Vor dem Mittagessen macht der Mönch Handarbeit um sich zu entspannen[9]. Diese findet in der zelleneigenen Werkstatt statt. So kann er tätig sein ohne seine Einsamkeit aufgeben zu müssen. Des weiteren beschäftigt er sich mit Gartenarbeit in seinem etwa einhundert Quadratmeter großen Garten. Dieser kann von den Mönchen nach eigenen Vorstellungen gestaltet werden. Das Holz, um seine Zelle zu heizen, muss jeder selber sägen. Mönche mit ausgeprägten Handwerklichen Fähigkeiten haben auch Hobel- oder Drehbänke in ihren Räumen, Sie können auf bereitgestelltes Werkzeug zurückgreifen, um Dinge für die Gemeinschaft zu fertigen.

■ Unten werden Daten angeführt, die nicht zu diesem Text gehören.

(* Let $\mathcal{A}$ be a finite set of integers greater than $1$. Then there exist permutations $X\neq X'$ such that $C_aX=C_aX'$ for all $a\in\mathcal{A}$.
   Context: A finite dynamical system (FDS) is a function on a finite set, considered up to isomorphism of functional graphs; the product $AB$ acts on $S_A\times S_B$ by $(a,b)\mapsto(A(a),B(b))$. A permutation is a bijective FDS. $C_n$ denotes the FDS whose functional graph is a directed cycle of length $n$. *)

theory Defs
  imports Main
begin

text \<open>A finite dynamical system (FDS) is represented by a finite carrier set S
  together with a function f mapping S into S (values outside S are irrelevant).\<close>

definition is_fds :: "'a set \<Rightarrow> ('a \<Rightarrow> 'a) \<Rightarrow> bool" where
  "is_fds S f \<longleftrightarrow> finite S \<and> f ` S \<subseteq> S"

definition is_perm_fds :: "'a set \<Rightarrow> ('a \<Rightarrow> 'a) \<Rightarrow> bool" where
  "is_perm_fds S f \<longleftrightarrow> is_fds S f \<and> bij_betw f S S"

definition fds_iso :: "'a set \<Rightarrow> ('a \<Rightarrow> 'a) \<Rightarrow> 'b set \<Rightarrow> ('b \<Rightarrow> 'b) \<Rightarrow> bool" where
  "fds_iso S f T g \<longleftrightarrow> (\<exists>h. bij_betw h S T \<and> (\<forall>x\<in>S. h (f x) = g (h x)))"

definition fds_prod_set :: "'a set \<Rightarrow> 'b set \<Rightarrow> ('a \<times> 'b) set" where
  "fds_prod_set S T = S \<times> T"

definition fds_prod_fun :: "('a \<Rightarrow> 'a) \<Rightarrow> ('b \<Rightarrow> 'b) \<Rightarrow> ('a \<times> 'b \<Rightarrow> 'a \<times> 'b)" where
  "fds_prod_fun f g = (\<lambda>(a, b). (f a, g b))"

definition cycle_set :: "nat \<Rightarrow> nat set" where
  "cycle_set n = {0..<n}"

definition cycle_fun :: "nat \<Rightarrow> nat \<Rightarrow> nat" where
  "cycle_fun n = (\<lambda>i. (i + 1) mod n)"
lemma clique_family_rule_step:
  assumes G: "graph V E" and F: "clique_family V E t F" and step: "rule_step V E t k F F2"
  shows "clique_family V E t F2"
proof -
  obtain x y P Y where xy: "{x, y} \<in> E"
    and P: "P \<subseteq> link_family V F x y" "card P = k + 1" "sunflower P Y"
    and F2: "F2 = {Z \<in> F. \<not> Y \<union> {x, y} \<subseteq> Z} \<union> {Y \<union> {x, y}}"
    using step by (rule rule_stepE)
  obtain A where A: "A \<in> P" using P(2) by fastforce
  have "A \<union> {x, y} \<in> F" using A P(1) unfolding link_family_def by blast
  then have A_ok: "is_clique V E (A \<union> {x, y})" "finite (A \<union> {x, y})" "card (A \<union> {x, y}) \<le> t"
    using F unfolding clique_family_def by auto
  let ?C = "Y \<union> {x, y}"
  have sub: "?C \<subseteq> A \<union> {x, y}" using A P(3) unfolding sunflower_def by blast
  have "{x, y} \<in> edges_of V" using xy G unfolding graph_def by blast
  then have "{x, y} \<in> edges_of ?C" by (rule edges_of_transfer) blast
  then have "is_clique V E ?C \<and> finite ?C \<and> card ?C \<le> t \<and> (card ?C < t \<longrightarrow> edges_of ?C \<noteq> {})"
    using is_clique_subset[OF A_ok(1) sub] finite_subset[OF sub A_ok(2)] card_mono[OF A_ok(2) sub] A_ok(3)
    by auto
  then show ?thesis using F unfolding F2 clique_family_def by auto
qed

lemma clique_family_rule_steps:
  assumes "graph V E" "(rule_step V E t k)\<^sup>*\<^sup>* (initial_family V E t) F"
  shows "clique_family V E t F"
  using assms(2)
proof induction
  case base
  show ?case using clique_family_initial[OF assms(1)] .
next
  case (step F F2)
  show ?case using assms(1) step.IH step.hyps(2) by (rule clique_family_rule_step)
qed
lemma card_lifts_reduced_arc:
  fixes n q :: nat
  assumes "1 \<le> n" "1 \<le> q" "coprime q n" "0 \<le> \<beta>" "\<beta> < 1" "real n * \<delta> < 1/2"
  shows "real (card {j. j < n \<and> (\<beta> + real j) / real n \<in> reduced_arc q \<delta>})
       = indicator (reduced_arc q (real n * \<delta>)) \<beta>"
proof -
  let ?near = "\<lambda>c::int. \<bar>real q * \<beta> - of_int c\<bar> \<le> real n * \<delta>"
  define S where "S = {j. j < n \<and> (\<beta> + real j) / real n \<in> reduced_arc q \<delta>}"
  have S_iff: "j \<in> S \<longleftrightarrow> j < n \<and> (\<exists>a. 0 \<le> a \<and> a \<le> int q \<and> coprime a (int q)
      \<and> ?near (a * int n - int q * int j))" for j
    unfolding S_def using lift_mem_reduced_arc[OF assms(4,5)] by blast
  have coprime_lift: "coprime (a * int n - int q * int j) (int q) \<longleftrightarrow> coprime a (int q)" for a j
    using assms(3) by (intro coprime_lift_iff) (simp add: coprime_commute)
  have unique: "j = j'" if jS: "j \<in> S" and j'S: "j' \<in> S" for j j'
  proof -
    obtain a where "j < n" and near: "?near (a * int n - int q * int j)"
      using S_iff jS by blast
    obtain a' where "j' < n" and near': "?near (a' * int n - int q * int j')"
      using S_iff j'S by blast
    have "\<bar>of_int (a * int n - int q * int j) - of_int (a' * int n - int q * int j') :: real\<bar> < 1"
      using near near' assms(6) by linarith
    then have "\<bar>(a * int n - int q * int j) - (a' * int n - int q * int j')\<bar> < 1"
      by (simp only: flip: of_int_diff of_int_abs of_int_less_1_iff)
    then have "a * int n - int q * int j = a' * int n - int q * int j'" by arith
    then show ?thesis
      using assms \<open>j < n\<close> \<open>j' < n\<close> by (intro lift_index_unique[of "int q" "int n" j j' a a']) auto
  qed
  have nonempty: "S \<noteq> {} \<longleftrightarrow> \<beta> \<in> reduced_arc q (real n * \<delta>)"
  proof
    assume "S \<noteq> {}"
    then obtain j a where "j < n" "0 \<le> a" "a \<le> int q" "coprime a (int q)"
      and near: "?near (a * int n - int q * int j)"
      using S_iff by blast
    moreover have "0 \<le> real q * \<beta>" "real q * \<beta> < real q" using assms by auto
    ultimately have "0 \<le> a * int n - int q * int j" "a * int n - int q * int j \<le> int q"
      using assms(6) near by linarith+
    then show "\<beta> \<in> reduced_arc q (real n * \<delta>)"
      using near coprime_lift \<open>coprime a (int q)\<close> assms(4,5) unfolding reduced_arc_def
      by (intro CollectI conjI bexI[of _ \<beta>] exI[of _ "a * int n - int q * int j"]) auto
  next
    assume "\<beta> \<in> reduced_arc q (real n * \<delta>)"
    then obtain b where b: "0 \<le> b" "b \<le> int q" "coprime b (int q)" "?near b"
      unfolding reduced_arc_def by blast
    obtain a and j :: nat where "0 \<le> a" "a \<le> int q" "j < n" "b = a * int n - int q * int j"
      using lift_exists[of "int n" "int q" b] assms(1-3) b(1,2) by (auto simp: coprime_commute)
    then have "j \<in> S" using S_iff b(3,4) coprime_lift by auto
    then show "S \<noteq> {}" by blast
  qed
  have "card S = (if S = {} then 0 else 1)"
  proof (cases "S = {}")
    case False
    then obtain j where "j \<in> S" by blast
    then have "S = {j}" using unique by blast
    then show ?thesis by simp
  qed simp
  then show ?thesis using nonempty unfolding S_def[symmetric] indicator_def by auto
qed
lemma has_vector_derivative_componentwise_vec:
  fixes f :: "real \<Rightarrow> 'a::euclidean_space^'m"
  assumes "\<And>i. ((\<lambda>t. f t $ i) has_vector_derivative f' $ i) (at z within S)"
  shows "(f has_vector_derivative f') (at z within S)"
proof -
  have "((\<lambda>t. f t $ i \<bullet> b) has_vector_derivative (f' $ i \<bullet> b)) (at z within S)" for i b
    using bounded_linear.has_vector_derivative[OF bounded_linear_inner_left assms] .
  then show ?thesis
    unfolding has_vector_derivative_def has_derivative_componentwise_within[of f]
    by (auto simp: Basis_vec_def inner_axis has_vector_derivative_def)
qed

lemma has_vector_derivative_outer:
  assumes "(x has_vector_derivative x') (at z within S)" "(y has_vector_derivative y') (at z within S)"
  shows "((\<lambda>t. outer (x t) (y t)) has_vector_derivative outer x' (y z) + outer (x z) y') (at z within S)"
proof (intro has_vector_derivative_componentwise_vec)
  fix i j
  have "((\<lambda>t. x t $ i * y t $ j) has_vector_derivative x z $ i * y' $ j + x' $ i * y z $ j) (at z within S)"
    by (intro has_vector_derivative_mult has_vector_derivative_vec_nth assms)
  then show "((\<lambda>t. outer (x t) (y t) $ i $ j) has_vector_derivative
      (outer x' (y z) + outer (x z) y') $ i $ j) (at z within S)"
    by (simp add: outer_def algebra_simps)
qed

lemma has_vector_derivative_inner:
  fixes x y :: "real \<Rightarrow> 'a::real_inner"
  assumes "(x has_vector_derivative x') (at z within S)" "(y has_vector_derivative y') (at z within S)"
  shows "((\<lambda>t. x t \<bullet> y t) has_vector_derivative x z \<bullet> y' + x' \<bullet> y z) (at z within S)"
  using bounded_bilinear.has_vector_derivative[OF bounded_bilinear_inner assms] .

lemma vector_matrix_mult_outer: "x v* outer y w = (x \<bullet> y) *\<^sub>R w"
  by (simp add: vec_eq_iff vector_matrix_mult_def outer_def inner_vec_def sum_distrib_left algebra_simps)

lemma matrix_vector_mult_outer: "outer y w *v x = (w \<bullet> x) *\<^sub>R y"
  by (simp add: vec_eq_iff matrix_vector_mult_def outer_def inner_vec_def sum_distrib_left algebra_simps)

lemma vector_matrix_mult_uminus: "x v* (- M) = - (x v* (M::'a::ring_1^'n^'m))"
  by (simp add: vec_eq_iff vector_matrix_mult_def sum_negf)

lemma matrix_vector_mult_uminus: "(- M) *v x = - ((M::'a::ring_1^'n^'m) *v x)"
  by (simp add: vec_eq_iff matrix_vector_mult_def sum_negf)

lemma outer_zero_left [simp]: "outer 0 y = 0"
  and outer_zero_right [simp]: "outer x 0 = 0"
  by (simp_all add: outer_def vec_eq_iff)

definition commutator :: "'a::ring_1^'n^'n \<Rightarrow> 'a^'n^'n \<Rightarrow> 'a^'n^'n" where
  "commutator M N = M ** N - N ** M"

lemma commutator_self [simp]: "commutator M M = 0"
  by (simp add: commutator_def)

lemma commutator_add_left: "commutator (M + N) P = commutator M P + commutator N P"
  and commutator_add_right: "commutator P (M + N) = commutator P M + commutator P N"
  and commutator_diff_left: "commutator (M - N) P = commutator M P - commutator N P"
  and commutator_diff_right: "commutator P (M - N) = commutator P M - commutator P N"
  by (simp_all add: commutator_def vec_eq_iff matrix_matrix_mult_def sum.distrib sum_subtractf algebra_simps)

lemma commutator_scaleR_left: "commutator (c *\<^sub>R M) N = c *\<^sub>R commutator M (N::'a::real_algebra_1^'n^'n)"
  and commutator_scaleR_right: "commutator M (c *\<^sub>R N) = c *\<^sub>R commutator M (N::'a::real_algebra_1^'n^'n)"
  by (simp_all add: commutator_def vec_eq_iff matrix_matrix_mult_def scaleR_sum_right algebra_simps)

lemmas commutator_simps = commutator_add_left commutator_add_right commutator_diff_left
  commutator_diff_right commutator_scaleR_left commutator_scaleR_right

lemma blk_nth [simp]:
  "blk a r c D $ Inl x $ Inl y = a" "blk a r c D $ Inl x $ Inr j = r $ j"
  "blk a r c D $ Inr i $ Inl y = c $ i" "blk a r c D $ Inr i $ Inr j = D $ i $ j"
  by (simp_all add: blk_def)

lemma blk_eqI:
  assumes "\<And>x y. M $ Inl x $ Inl y = a" "\<And>x j. M $ Inl x $ Inr j = r $ j"
    "\<And>i y. M $ Inr i $ Inl y = c $ i" "\<And>i j. M $ Inr i $ Inr j = D $ i $ j"
  shows "M = blk a r c D"
  unfolding vec_eq_iff
proof (intro allI)
  show "M $ i $ j = blk a r c D $ i $ j" for i j
    using assms by (cases i; cases j) auto
qed

lemma blk_eq_blk_iff:
  "blk a r c D = blk a' r' c' D' \<longleftrightarrow> a = a' \<and> r = r' \<and> c = c' \<and> D = D'"
  by (metis blk_eqI blk_nth vec_eq_iff)

lemma blk_add: "blk a r c D + blk a' r' c' D' = blk (a + a') (r + r') (c + c') (D + D')"
  and blk_diff: "blk a r c D - blk a' r' c' D' = blk (a - a') (r - r') (c - c') (D - D')"
  and blk_uminus: "- blk a r c D = blk (- a) (- r) (- c) (- D)"
  and blk_scaleR: "s *\<^sub>R blk a r c D = blk (s * a) (s *\<^sub>R r) (s *\<^sub>R c) (s *\<^sub>R D)"
  by (rule blk_eqI; simp)+

lemma blk_mult:
  "blk a r c D ** blk a' r' c' D' =
     blk (a * a' + r \<bullet> c') (a *\<^sub>R r' + r v* D') (a' *\<^sub>R c + D *v c') (outer c r' + D ** D')"
proof -
  have sum_Plus: "sum g UNIV = sum (g \<circ> Inl) UNIV + sum (g \<circ> Inr) UNIV"
    for g :: "unit + 'a \<Rightarrow> real"
    by (metis UNIV_Plus_UNIV finite sum.Plus)
  show ?thesis
    by (rule blk_eqI) (auto simp: matrix_matrix_mult_def sum_Plus inner_vec_def
        vector_matrix_mult_def matrix_vector_mult_def outer_def mult.commute)
qed

lemma commutator_blk:
  "commutator (blk a r c D) (blk a' r' c' D') =
     blk (r \<bullet> c' - r' \<bullet> c) (a *\<^sub>R r' + r v* D' - a' *\<^sub>R r - r' v* D)
       (a' *\<^sub>R c + D *v c' - a *\<^sub>R c' - D' *v c) (outer c r' + D ** D' - outer c' r - D' ** D)"
  by (simp add: commutator_def blk_mult blk_diff diff_diff_eq)

lemma has_vector_derivative_blk:
  assumes "(a has_vector_derivative a') (at z within S)" "(r has_vector_derivative r') (at z within S)"
    "(c has_vector_derivative c') (at z within S)" "(D has_vector_derivative D') (at z within S)"
  shows "((\<lambda>t. blk (a t) (r t) (c t) (D t)) has_vector_derivative blk a' r' c' D') (at z within S)"
proof (intro has_vector_derivative_componentwise_vec)
  show "((\<lambda>t. blk (a t) (r t) (c t) (D t) $ i $ j) has_vector_derivative blk a' r' c' D' $ i $ j)
      (at z within S)" for i j
    using assms by (cases i; cases j) (auto intro!: has_vector_derivative_vec_nth)
qed

definition LaxA_pole :: "real^'n^'n \<Rightarrow> real \<Rightarrow> real^'n \<Rightarrow> real^'n \<Rightarrow> real^'n::finite
    \<Rightarrow> real^(unit + 'n)^(unit + 'n)" where
  "LaxA_pole A z u u1 u2 = B1 u2 - z *\<^sub>R B1 u - B3 u u1 - A0 A"

lemma LaxA_eq:
  "LaxA \<nu> A \<zeta> z u u1 u2 = - (\<nu>\<^sup>2 * \<zeta>) *\<^sub>R LaxB \<nu> \<zeta> u + z *\<^sub>R B0 \<nu> - \<nu> *\<^sub>R B2 u u1
     - inverse \<zeta> *\<^sub>R LaxA_pole A z u u1 u2"
  by (simp add: LaxA_def LaxB_def LaxA_pole_def)

lemma commutator_LaxB_LaxA:
  assumes "\<zeta> \<noteq> 0"
  shows "commutator (LaxB \<nu> \<zeta> u) (LaxA \<nu> A \<zeta> z u u1 u2) =
     - (\<nu> * \<zeta>) *\<^sub>R commutator (B0 \<nu>) (B2 u u1)
     + (z *\<^sub>R commutator (B1 u) (B0 \<nu>) - \<nu> *\<^sub>R commutator (B1 u) (B2 u u1)
        - commutator (B0 \<nu>) (LaxA_pole A z u u1 u2))
     - inverse \<zeta> *\<^sub>R commutator (B1 u) (LaxA_pole A z u u1 u2)"
proof -
  have "commutator (LaxB \<nu> \<zeta> u) (LaxA \<nu> A \<zeta> z u u1 u2) =
      z *\<^sub>R commutator (LaxB \<nu> \<zeta> u) (B0 \<nu>) - \<nu> *\<^sub>R commutator (LaxB \<nu> \<zeta> u) (B2 u u1)
      - inverse \<zeta> *\<^sub>R commutator (LaxB \<nu> \<zeta> u) (LaxA_pole A z u u1 u2)"
    by (simp add: LaxA_eq commutator_simps)
  then show ?thesis
    using assms by (simp add: LaxB_def commutator_simps algebra_simps)
qed

definition B2_deriv :: "real^'n \<Rightarrow> real^'n \<Rightarrow> real^'n::finite \<Rightarrow> real^(unit + 'n)^(unit + 'n)" where
  "B2_deriv u u1 u2 = blk (2 * (u \<bullet> u1)) (- u2) u2 (- (outer u1 u + outer u u1))"

definition B3_deriv :: "real^'n \<Rightarrow> real^'n \<Rightarrow> real^'n::finite \<Rightarrow> real^(unit + 'n)^(unit + 'n)" where
  "B3_deriv u u1 u2 =
     blk 0 ((4 * (u \<bullet> u1)) *\<^sub>R u + (2 * (u \<bullet> u)) *\<^sub>R u1) ((4 * (u \<bullet> u1)) *\<^sub>R u + (2 * (u \<bullet> u)) *\<^sub>R u1)
       (outer u2 u - outer u u2)"
text \<open>The measure mu(E) = int_{V_1^{c,d}} chi_E(x, phi x) dx on R^4 (push-forward of
  Lebesgue measure on V_1^{c,d} under the graph map).\<close>
definition graph_measure :: "(R2 \<Rightarrow> R2) \<Rightarrow> R2 set \<Rightarrow> R4 measure" where
  "graph_measure \<phi> W = distr (restrict_space lborel W) borel (\<lambda>x. (x, \<phi> x))"

definition meas_conv :: "R4 measure \<Rightarrow> (R4 \<Rightarrow> complex) \<Rightarrow> R4 \<Rightarrow> complex" where
  "meas_conv \<mu> f z = (\<integral>y. f (z - y) \<partial>\<mu>)"

fun iter_partial :: "R4 list \<Rightarrow> (R4 \<Rightarrow> complex) \<Rightarrow> R4 \<Rightarrow> complex" where
  "iter_partial [] f = f"
| "iter_partial (e # es) f = (\<lambda>x. frechet_derivative (iter_partial es f) (at x) e)"

definition schwartz :: "(R4 \<Rightarrow> complex) \<Rightarrow> bool" where
  "schwartz f \<longleftrightarrow>
     (\<forall>es \<in> lists (Basis :: R4 set).
        (\<forall>x. iter_partial es f differentiable (at x)) \<and>
        (\<forall>N::nat. bounded (range (\<lambda>x. (1 + norm x) ^ N * norm (iter_partial es f x)))))"

definition enn_powr :: "ennreal \<Rightarrow> real \<Rightarrow> ennreal" where
  "enn_powr x r = (if x = \<infinity> then \<infinity> else ennreal (enn2real x powr r))"

text \<open>L^p norm on R^4 parametrised by rp = 1/p in [0,1]; rp = 0 means p = infinity.\<close>
definition Lnorm :: "real \<Rightarrow> (R4 \<Rightarrow> complex) \<Rightarrow> ennreal" where
  "Lnorm rp g =
     (if rp = 0 then esssup lborel (\<lambda>x. ennreal (norm (g x)))
      else enn_powr (\<integral>\<^sup>+ x. enn_powr (ennreal (norm (g x))) (1 / rp) \<partial>lborel) rp)"

definition type_set :: "R4 measure \<Rightarrow> (real \<times> real) set" where
  "type_set \<mu> = {(rp, rq). 0 \<le> rp \<and> rp \<le> 1 \<and> 0 \<le> rq \<and> rq \<le> 1 \<and>
      (\<exists>C>0. \<forall>f. schwartz f \<longrightarrow>
          Lnorm rq (meas_conv \<mu> f) \<le> ennreal C * Lnorm rp f)}"

end

(*
  A Knapp-type example.  Fix a small box Q inside V_1^{c,d}.  For 0 < delta <= 1 the dilate
  delta . Q stays inside V_1^{c,d}, and by homogeneity the graph of phi over it lies in a box of
  side lengths ~ delta^alpha1, delta^alpha2, delta^m, delta^m.  Test the L^p-L^q inequality on
  the Gaussian f adapted to that box: mu * f is bounded below by ~ |delta . Q| = delta^(alpha1+alpha2)
  on a box of volume ~ delta^(alpha1+alpha2+2m), whereas the L^p norm of f is ~ delta^((alpha1+alpha2+2m)/p).
  Letting delta -> 0 forces the stated relation between 1/p and 1/q.  Only continuity (a consequence
  of analyticity) and homogeneity of phi enter.
*)
theory Submission
  imports Defs "HOL-Probability.Distributions"
begin

section \<open>Polynomials times Gaussians are Schwartz functions\<close>

text \<open>Polynomials as syntax trees, so that differentiation is a recursion on the tree.\<close>

datatype 'a polyexp = PConst real | PInner 'a | PAdd "'a polyexp" "'a polyexp" | PMul "'a polyexp" "'a polyexp"

fun polyexp_eval :: "'a::real_inner polyexp \<Rightarrow> 'a \<Rightarrow> real" where
  "polyexp_eval (PConst c) x = c"
| "polyexp_eval (PInner v) x = x \<bullet> v"
| "polyexp_eval (PAdd p q) x = polyexp_eval p x + polyexp_eval q x"
| "polyexp_eval (PMul p q) x = polyexp_eval p x * polyexp_eval q x"

fun polyexp_deriv :: "'a::real_inner \<Rightarrow> 'a polyexp \<Rightarrow> 'a polyexp" where
  "polyexp_deriv h (PConst c) = PConst 0"
| "polyexp_deriv h (PInner v) = PConst (h \<bullet> v)"
| "polyexp_deriv h (PAdd p q) = PAdd (polyexp_deriv h p) (polyexp_deriv h q)"
| "polyexp_deriv h (PMul p q) = PAdd (PMul p (polyexp_deriv h q)) (PMul (polyexp_deriv h p) q)"

lemma has_derivative_polyexp_eval:
  "(polyexp_eval p has_derivative (\<lambda>h. polyexp_eval (polyexp_deriv h p) x)) (at x)"
proof (induction p)
  case (PInner v)
  then show ?case
    by (simp add: bounded_linear.has_derivative[OF bounded_linear_inner_left] has_derivative_ident)
next
  case (PMul p q)
  then show ?case
    using has_derivative_mult[OF PMul.IH] by (simp add: algebra_simps)
qed (simp_all add: has_derivative_add)
(* There is an absolute constant $A>0$ such that for every integer $n\ge1$ and every real $C>0$ there is a smooth function $\rho_C:\mathbb{R}^n\to\mathbb{R}$ such that: (1) $\rho_C\ge0$; (2) $\int_{\mathbb{R}^n}\rho_C(x)\,dx=1$; (3) for every unit vector $v\in\mathbb{R}^n$ and every integer $k\ge0$, $\int_{\mathbb{R}^n}|D_v^k\rho_C(x)|\,dx\le C^k$; (4) for every $D>0$, $\int_{|x|>D}\rho_C(x)\,dx\le A\left(\frac{n}{CD}\right)^2$.
   Context: $D_v^k$ denotes the $k$-th directional derivative in direction $v$; $|x|$ is the Euclidean norm. *)

theory Defs
  imports "HOL-Analysis.Analysis"
begin

text \<open>Euclidean space R^n is represented by extensional functions nat => real
  supported on {..<n}, i.e. the carrier PiE {..<n} (\<lambda>_. UNIV), with Lebesgue
  measure the n-fold product of lborel. This allows quantifying over n inside
  the statement (the constant A must not depend on n).\<close>

definition Rn :: "nat \<Rightarrow> (nat \<Rightarrow> real) set" where
  "Rn n = PiE {..<n} (\<lambda>_. UNIV)"

definition lebesgue_n :: "nat \<Rightarrow> (nat \<Rightarrow> real) measure" where
  "lebesgue_n n = PiM {..<n} (\<lambda>_. lborel)"

definition euclid_norm :: "nat \<Rightarrow> (nat \<Rightarrow> real) \<Rightarrow> real" where
  "euclid_norm n x = sqrt (\<Sum>i<n. (x i)\<^sup>2)"

fun pd :: "nat list \<Rightarrow> ((nat \<Rightarrow> real) \<Rightarrow> real) \<Rightarrow> (nat \<Rightarrow> real) \<Rightarrow> real" where
  "pd [] f = f"
| "pd (i # is) f = (\<lambda>x. deriv (\<lambda>t. pd is f (x(i := t))) (x i))"

definition smooth_n :: "nat \<Rightarrow> ((nat \<Rightarrow> real) \<Rightarrow> real) \<Rightarrow> bool" where
  "smooth_n n f \<longleftrightarrow>
     (\<forall>is. set is \<subseteq> {..<n} \<longrightarrow>
        continuous_on (Rn n) (pd is f) \<and>
        (\<forall>i<n. \<forall>x\<in>Rn n.
           ((\<lambda>t. pd is f (x(i := t))) has_real_derivative pd (i # is) f x) (at (x i))))"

Um 11.15 Uhr wird das durch die Luke von den Laienmönchen bereitgestellte Mittagessen eingenommen. Die Mönche ernähren sich vegetarisch. Einmal pro Woche ist Fastentag, dann wird nur Wasser und Brot zu sich genommen. In der Advents- und Fastenzeit werden keine Milchspeisen verzehrt[10]. In der Zeit von Mitte September bis Ostern gibt es nur Mittags warmes Essen. Abends wird dann nur Brot, wenn der Prior es erlaubt auch etwas vom Mittag aufgesparten gegessen. Bis 13.00 Uhr ist Erholung, die an Sonn- und Feiertagen gemeinsam genossen wird. Einmal wöchentlich findet ein ausgedehnter Spaziergang in den umliegenden Wäldern statt, der ungefähr vier Stunden dauert[11]. Zu diesem Anlass, wie auch bei der gemeinsamen Erholung ist das Sprechen erlaubt. Sonst wird strenges Stillschweigen geübt. Wird ohne Erlaubnis geredet, muss sich der Mönch am Sonntag „beim Schuldkapitel anklagen[12] “. Wenn dringend von Nöten, darf sich der Mönch mit wenigen Worten äußern. Die Nutzung der Gebärdensprache ist verboten.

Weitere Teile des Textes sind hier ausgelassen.